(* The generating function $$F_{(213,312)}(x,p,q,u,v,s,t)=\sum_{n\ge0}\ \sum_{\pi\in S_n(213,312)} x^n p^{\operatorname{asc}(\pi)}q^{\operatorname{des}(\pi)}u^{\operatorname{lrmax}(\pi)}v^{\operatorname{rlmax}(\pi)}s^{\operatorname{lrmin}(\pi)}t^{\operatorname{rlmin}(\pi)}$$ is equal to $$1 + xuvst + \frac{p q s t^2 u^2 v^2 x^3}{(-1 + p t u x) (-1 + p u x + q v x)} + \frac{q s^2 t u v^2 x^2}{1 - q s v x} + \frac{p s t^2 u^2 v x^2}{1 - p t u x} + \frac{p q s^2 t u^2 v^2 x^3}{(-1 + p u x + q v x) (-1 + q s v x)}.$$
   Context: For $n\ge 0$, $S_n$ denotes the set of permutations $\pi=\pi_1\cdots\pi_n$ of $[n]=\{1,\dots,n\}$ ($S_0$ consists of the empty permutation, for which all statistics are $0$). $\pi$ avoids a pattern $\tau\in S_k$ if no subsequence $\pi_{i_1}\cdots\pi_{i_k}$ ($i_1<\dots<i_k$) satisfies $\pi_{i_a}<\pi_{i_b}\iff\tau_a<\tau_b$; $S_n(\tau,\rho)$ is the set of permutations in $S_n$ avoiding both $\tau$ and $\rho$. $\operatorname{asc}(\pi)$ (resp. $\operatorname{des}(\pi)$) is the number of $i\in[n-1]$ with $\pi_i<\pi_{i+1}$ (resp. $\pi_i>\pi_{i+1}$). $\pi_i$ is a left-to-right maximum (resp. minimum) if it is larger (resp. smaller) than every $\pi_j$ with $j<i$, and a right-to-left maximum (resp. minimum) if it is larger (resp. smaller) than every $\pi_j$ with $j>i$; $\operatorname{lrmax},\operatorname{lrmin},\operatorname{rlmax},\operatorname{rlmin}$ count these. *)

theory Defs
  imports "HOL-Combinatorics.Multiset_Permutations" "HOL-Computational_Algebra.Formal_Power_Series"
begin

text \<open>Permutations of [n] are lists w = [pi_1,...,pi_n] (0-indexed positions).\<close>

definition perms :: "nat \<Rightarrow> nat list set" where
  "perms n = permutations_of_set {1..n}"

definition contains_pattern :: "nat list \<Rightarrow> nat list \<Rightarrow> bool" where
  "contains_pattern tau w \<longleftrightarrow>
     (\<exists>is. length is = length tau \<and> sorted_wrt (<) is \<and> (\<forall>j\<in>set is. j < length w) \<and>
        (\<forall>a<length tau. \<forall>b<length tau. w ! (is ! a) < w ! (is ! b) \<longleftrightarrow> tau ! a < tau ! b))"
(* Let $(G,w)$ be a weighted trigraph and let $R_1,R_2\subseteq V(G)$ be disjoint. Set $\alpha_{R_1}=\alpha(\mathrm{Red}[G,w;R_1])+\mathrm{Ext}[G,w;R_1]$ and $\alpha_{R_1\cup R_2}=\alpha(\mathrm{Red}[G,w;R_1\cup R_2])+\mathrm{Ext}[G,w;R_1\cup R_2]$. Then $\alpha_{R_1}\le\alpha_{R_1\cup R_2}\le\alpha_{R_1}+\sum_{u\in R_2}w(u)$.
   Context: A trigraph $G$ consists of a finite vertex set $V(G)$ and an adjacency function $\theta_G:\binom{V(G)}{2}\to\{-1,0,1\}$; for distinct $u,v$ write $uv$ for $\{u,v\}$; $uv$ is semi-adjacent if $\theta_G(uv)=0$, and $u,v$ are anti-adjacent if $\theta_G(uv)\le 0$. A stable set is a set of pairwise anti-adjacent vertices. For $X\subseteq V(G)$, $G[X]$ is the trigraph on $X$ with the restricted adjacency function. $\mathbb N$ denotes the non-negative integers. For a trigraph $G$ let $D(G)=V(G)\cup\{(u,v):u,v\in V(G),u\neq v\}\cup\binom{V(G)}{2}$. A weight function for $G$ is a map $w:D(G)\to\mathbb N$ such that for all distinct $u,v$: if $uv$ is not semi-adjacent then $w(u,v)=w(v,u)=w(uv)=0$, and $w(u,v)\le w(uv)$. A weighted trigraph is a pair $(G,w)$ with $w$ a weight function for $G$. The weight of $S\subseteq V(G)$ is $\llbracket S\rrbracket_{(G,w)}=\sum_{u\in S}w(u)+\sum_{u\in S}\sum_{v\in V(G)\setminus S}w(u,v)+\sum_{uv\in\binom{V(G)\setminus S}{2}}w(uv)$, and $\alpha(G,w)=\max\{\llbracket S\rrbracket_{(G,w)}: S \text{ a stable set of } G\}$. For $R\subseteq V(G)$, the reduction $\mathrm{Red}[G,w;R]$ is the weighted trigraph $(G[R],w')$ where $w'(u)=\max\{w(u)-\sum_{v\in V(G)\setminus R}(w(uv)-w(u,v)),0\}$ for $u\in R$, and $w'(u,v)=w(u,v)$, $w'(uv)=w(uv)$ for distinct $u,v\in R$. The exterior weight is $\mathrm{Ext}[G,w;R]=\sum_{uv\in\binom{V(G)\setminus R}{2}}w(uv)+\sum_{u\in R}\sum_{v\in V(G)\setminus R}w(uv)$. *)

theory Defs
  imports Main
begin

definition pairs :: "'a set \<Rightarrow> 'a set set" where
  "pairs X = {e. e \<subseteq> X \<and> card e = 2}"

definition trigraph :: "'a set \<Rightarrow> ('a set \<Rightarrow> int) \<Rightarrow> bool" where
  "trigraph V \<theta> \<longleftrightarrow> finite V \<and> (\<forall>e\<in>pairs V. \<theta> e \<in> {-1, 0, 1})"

#####

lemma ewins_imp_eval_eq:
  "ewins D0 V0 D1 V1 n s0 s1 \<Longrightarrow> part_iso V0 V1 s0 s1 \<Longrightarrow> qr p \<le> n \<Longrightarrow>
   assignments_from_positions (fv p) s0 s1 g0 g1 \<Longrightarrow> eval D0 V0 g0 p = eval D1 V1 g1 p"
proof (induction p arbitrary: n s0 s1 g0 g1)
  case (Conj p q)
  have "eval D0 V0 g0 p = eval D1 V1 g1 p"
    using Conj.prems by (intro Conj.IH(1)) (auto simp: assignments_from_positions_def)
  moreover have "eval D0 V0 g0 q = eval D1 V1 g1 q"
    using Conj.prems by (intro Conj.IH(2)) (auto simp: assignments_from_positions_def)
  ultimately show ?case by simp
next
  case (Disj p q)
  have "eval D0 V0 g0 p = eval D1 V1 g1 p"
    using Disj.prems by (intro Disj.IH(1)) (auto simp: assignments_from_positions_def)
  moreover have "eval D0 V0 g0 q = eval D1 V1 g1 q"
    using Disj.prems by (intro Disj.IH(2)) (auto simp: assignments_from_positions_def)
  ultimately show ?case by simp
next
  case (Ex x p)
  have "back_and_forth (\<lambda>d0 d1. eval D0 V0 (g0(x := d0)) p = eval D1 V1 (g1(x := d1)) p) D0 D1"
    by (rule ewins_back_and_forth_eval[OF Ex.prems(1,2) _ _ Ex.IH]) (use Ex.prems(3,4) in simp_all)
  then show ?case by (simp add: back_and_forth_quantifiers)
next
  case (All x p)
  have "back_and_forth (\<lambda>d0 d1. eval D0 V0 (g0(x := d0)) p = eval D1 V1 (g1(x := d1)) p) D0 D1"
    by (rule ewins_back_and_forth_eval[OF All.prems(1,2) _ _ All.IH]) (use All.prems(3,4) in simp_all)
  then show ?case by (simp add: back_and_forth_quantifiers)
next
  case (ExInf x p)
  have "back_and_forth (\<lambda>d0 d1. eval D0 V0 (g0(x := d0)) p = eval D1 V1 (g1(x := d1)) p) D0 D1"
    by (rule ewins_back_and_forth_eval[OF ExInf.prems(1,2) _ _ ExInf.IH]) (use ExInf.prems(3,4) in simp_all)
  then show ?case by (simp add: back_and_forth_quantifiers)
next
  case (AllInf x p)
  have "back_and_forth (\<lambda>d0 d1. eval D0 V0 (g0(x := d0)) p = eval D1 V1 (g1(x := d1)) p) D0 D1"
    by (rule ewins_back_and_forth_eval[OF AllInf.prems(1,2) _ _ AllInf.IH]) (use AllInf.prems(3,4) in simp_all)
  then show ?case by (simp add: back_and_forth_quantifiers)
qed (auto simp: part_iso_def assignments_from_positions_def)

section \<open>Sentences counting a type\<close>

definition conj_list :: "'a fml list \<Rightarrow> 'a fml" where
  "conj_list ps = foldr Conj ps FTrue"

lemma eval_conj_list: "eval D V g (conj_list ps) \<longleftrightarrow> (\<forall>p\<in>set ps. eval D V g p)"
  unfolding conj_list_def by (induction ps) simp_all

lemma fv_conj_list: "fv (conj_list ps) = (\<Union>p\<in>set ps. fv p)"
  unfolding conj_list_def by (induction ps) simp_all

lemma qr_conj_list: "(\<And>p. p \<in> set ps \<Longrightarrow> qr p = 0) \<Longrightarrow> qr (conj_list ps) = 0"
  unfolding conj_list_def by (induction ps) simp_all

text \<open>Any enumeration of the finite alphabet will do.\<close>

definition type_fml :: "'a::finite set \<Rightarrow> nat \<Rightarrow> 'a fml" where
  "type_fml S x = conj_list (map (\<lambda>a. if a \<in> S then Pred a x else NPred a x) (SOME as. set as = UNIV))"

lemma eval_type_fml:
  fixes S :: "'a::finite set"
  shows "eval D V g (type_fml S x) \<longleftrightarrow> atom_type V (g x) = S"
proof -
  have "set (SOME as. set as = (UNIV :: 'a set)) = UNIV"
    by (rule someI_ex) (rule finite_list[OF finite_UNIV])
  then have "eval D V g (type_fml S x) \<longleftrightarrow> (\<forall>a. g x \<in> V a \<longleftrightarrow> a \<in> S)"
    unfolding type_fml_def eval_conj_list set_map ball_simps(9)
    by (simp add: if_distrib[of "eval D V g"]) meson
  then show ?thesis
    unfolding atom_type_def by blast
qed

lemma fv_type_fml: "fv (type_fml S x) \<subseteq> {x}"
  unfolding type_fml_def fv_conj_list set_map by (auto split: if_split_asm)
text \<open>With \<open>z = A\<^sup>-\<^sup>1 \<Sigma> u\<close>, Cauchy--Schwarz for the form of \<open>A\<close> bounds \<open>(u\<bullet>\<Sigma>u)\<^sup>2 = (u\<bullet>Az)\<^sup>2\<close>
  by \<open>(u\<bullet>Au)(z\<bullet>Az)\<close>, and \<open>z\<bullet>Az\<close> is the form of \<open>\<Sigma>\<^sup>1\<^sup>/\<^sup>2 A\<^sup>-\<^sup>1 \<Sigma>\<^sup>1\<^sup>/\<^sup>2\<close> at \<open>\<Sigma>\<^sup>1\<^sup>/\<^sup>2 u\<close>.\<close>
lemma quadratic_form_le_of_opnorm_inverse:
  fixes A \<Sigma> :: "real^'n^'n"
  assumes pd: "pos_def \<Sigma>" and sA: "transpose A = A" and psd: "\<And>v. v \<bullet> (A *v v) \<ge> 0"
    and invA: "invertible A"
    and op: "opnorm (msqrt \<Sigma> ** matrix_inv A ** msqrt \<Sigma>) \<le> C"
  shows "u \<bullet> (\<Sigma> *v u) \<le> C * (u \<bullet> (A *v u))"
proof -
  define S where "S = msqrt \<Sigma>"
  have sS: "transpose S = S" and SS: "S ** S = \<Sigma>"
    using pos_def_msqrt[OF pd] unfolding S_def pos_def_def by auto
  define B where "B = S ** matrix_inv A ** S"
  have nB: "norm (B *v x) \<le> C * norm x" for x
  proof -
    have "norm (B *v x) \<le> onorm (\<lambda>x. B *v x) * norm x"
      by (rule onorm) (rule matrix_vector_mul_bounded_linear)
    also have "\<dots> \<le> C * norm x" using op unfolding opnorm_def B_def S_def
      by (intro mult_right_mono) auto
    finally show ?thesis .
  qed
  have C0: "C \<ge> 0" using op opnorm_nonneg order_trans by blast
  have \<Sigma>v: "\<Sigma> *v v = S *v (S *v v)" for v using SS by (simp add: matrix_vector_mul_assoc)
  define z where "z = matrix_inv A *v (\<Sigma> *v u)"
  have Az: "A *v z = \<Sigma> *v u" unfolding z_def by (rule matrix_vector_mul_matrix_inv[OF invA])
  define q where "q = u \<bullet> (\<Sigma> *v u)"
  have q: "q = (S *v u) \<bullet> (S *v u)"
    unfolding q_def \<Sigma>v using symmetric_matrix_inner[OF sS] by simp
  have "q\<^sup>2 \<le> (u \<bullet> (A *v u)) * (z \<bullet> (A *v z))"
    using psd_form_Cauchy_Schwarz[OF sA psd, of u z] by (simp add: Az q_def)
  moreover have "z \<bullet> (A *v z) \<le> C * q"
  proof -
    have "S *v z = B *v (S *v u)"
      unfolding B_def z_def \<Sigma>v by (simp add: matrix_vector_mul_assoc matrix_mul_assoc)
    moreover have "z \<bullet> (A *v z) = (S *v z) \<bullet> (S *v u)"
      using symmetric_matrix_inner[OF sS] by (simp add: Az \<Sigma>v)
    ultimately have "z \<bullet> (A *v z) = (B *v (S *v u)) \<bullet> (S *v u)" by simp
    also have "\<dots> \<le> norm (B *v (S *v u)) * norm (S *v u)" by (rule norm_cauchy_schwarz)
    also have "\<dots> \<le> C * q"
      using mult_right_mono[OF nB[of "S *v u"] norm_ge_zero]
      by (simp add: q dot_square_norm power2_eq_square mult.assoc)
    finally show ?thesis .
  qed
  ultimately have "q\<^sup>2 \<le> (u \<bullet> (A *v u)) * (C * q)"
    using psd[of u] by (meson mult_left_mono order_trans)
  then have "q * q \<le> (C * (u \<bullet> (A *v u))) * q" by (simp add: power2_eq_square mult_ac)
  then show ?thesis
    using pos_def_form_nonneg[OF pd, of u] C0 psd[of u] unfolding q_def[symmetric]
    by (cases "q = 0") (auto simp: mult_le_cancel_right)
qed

#####

In the listing above, find the line with "(B *v x) \<le> C" and the line with "(A *v z) \<le>", then print exactly those lines and every line between them.

▸ Response
  have nB: "norm (B *v x) \<le> C * norm x" for x
  proof -
    have "norm (B *v x) \<le> onorm (\<lambda>x. B *v x) * norm x"
      by (rule onorm) (rule matrix_vector_mul_bounded_linear)
    also have "\<dots> \<le> C * norm x" using op unfolding opnorm_def B_def S_def
      by (intro mult_right_mono) auto
    finally show ?thesis .
  qed
  have C0: "C \<ge> 0" using op opnorm_nonneg order_trans by blast
  have \<Sigma>v: "\<Sigma> *v v = S *v (S *v v)" for v using SS by (simp add: matrix_vector_mul_assoc)
  define z where "z = matrix_inv A *v (\<Sigma> *v u)"
  have Az: "A *v z = \<Sigma> *v u" unfolding z_def by (rule matrix_vector_mul_matrix_inv[OF invA])
  define q where "q = u \<bullet> (\<Sigma> *v u)"
  have q: "q = (S *v u) \<bullet> (S *v u)"
    unfolding q_def \<Sigma>v using symmetric_matrix_inner[OF sS] by simp
  have "q\<^sup>2 \<le> (u \<bullet> (A *v u)) * (z \<bullet> (A *v z))"
    using psd_form_Cauchy_Schwarz[OF sA psd, of u z] by (simp add: Az q_def)
  moreover have "z \<bullet> (A *v z) \<le> C * q"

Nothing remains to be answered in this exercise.